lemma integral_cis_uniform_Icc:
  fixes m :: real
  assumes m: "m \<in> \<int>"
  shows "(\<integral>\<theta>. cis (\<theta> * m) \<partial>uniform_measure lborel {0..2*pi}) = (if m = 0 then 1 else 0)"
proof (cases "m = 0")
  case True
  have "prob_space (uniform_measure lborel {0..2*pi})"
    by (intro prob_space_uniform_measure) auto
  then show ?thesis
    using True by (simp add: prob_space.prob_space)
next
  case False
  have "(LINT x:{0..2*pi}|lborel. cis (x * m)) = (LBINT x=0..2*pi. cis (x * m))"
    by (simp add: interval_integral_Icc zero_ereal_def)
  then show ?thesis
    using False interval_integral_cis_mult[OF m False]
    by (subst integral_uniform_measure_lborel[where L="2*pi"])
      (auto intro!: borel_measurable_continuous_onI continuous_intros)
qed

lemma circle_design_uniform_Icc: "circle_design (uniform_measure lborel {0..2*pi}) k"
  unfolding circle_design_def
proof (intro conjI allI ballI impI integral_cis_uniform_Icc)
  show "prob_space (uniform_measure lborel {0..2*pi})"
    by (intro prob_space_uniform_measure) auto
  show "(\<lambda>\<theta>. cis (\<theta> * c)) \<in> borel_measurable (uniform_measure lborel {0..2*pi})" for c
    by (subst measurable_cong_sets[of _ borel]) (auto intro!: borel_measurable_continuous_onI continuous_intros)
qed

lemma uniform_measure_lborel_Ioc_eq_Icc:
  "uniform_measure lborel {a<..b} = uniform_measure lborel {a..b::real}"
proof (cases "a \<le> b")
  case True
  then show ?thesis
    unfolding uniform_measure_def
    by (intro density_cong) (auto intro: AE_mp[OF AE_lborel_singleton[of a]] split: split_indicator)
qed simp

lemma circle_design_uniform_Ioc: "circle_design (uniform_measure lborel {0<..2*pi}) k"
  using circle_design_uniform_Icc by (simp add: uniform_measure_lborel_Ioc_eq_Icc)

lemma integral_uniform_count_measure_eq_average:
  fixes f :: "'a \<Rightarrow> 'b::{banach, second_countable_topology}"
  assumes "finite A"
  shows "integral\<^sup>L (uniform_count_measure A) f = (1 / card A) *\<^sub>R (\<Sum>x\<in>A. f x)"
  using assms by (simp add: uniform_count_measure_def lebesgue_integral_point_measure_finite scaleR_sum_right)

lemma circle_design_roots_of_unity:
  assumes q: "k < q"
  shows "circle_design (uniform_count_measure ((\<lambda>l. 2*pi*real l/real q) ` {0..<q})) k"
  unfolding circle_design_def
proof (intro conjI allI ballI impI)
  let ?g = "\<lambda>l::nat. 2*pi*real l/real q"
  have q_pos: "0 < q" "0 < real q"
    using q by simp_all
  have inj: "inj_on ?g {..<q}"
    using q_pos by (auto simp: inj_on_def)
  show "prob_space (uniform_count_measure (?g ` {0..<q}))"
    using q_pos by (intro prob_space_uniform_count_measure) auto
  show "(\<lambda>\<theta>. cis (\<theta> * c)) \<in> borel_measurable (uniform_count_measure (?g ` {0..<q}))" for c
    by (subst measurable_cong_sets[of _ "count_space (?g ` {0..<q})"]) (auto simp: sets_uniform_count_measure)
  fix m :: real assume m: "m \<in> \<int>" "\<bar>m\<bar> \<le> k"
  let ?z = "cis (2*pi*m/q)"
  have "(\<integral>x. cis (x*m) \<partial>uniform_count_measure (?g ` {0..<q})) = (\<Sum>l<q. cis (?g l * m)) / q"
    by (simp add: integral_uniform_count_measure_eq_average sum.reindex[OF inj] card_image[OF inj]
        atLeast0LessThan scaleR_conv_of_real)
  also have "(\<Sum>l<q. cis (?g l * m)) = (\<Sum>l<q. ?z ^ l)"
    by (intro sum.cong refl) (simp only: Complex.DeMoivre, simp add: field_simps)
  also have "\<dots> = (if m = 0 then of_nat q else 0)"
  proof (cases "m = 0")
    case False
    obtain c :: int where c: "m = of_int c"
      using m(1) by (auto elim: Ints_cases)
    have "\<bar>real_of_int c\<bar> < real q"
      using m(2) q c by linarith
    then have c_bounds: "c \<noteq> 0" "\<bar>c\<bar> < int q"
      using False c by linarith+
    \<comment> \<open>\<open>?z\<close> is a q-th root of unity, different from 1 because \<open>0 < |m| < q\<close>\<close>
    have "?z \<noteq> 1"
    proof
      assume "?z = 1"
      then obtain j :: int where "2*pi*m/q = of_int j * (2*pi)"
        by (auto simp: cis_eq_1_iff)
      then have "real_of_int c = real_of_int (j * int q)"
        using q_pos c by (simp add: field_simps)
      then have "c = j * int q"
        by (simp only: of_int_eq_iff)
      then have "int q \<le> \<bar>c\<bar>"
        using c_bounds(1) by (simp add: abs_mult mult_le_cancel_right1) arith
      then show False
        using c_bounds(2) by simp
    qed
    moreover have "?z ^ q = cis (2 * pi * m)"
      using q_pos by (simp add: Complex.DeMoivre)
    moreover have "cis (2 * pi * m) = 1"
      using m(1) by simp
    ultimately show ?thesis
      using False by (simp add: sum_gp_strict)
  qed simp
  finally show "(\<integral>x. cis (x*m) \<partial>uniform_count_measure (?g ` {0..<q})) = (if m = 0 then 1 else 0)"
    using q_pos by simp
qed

^^^^^^^^

Reply with exactly the lines from the one containing "using m(1) by (auto elim: Ints_cases)" to the last line of the material, inclusive, and with nothing more.

— Output of the task —
      using m(1) by (auto elim: Ints_cases)
    have "\<bar>real_of_int c\<bar> < real q"
      using m(2) q c by linarith
    then have c_bounds: "c \<noteq> 0" "\<bar>c\<bar> < int q"
      using False c by linarith+
    \<comment> \<open>\<open>?z\<close> is a q-th root of unity, different from 1 because \<open>0 < |m| < q\<close>\<close>
    have "?z \<noteq> 1"
    proof
      assume "?z = 1"
      then obtain j :: int where "2*pi*m/q = of_int j * (2*pi)"
        by (auto simp: cis_eq_1_iff)
      then have "real_of_int c = real_of_int (j * int q)"
        using q_pos c by (simp add: field_simps)
      then have "c = j * int q"
        by (simp only: of_int_eq_iff)
      then have "int q \<le> \<bar>c\<bar>"
        using c_bounds(1) by (simp add: abs_mult mult_le_cancel_right1) arith
      then show False
        using c_bounds(2) by simp
    qed
    moreover have "?z ^ q = cis (2 * pi * m)"
      using q_pos by (simp add: Complex.DeMoivre)
    moreover have "cis (2 * pi * m) = 1"
      using m(1) by simp
    ultimately show ?thesis
      using False by (simp add: sum_gp_strict)
  qed simp
  finally show "(\<integral>x. cis (x*m) \<partial>uniform_count_measure (?g ` {0..<q})) = (if m = 0 then 1 else 0)"
    using q_pos by simp
qed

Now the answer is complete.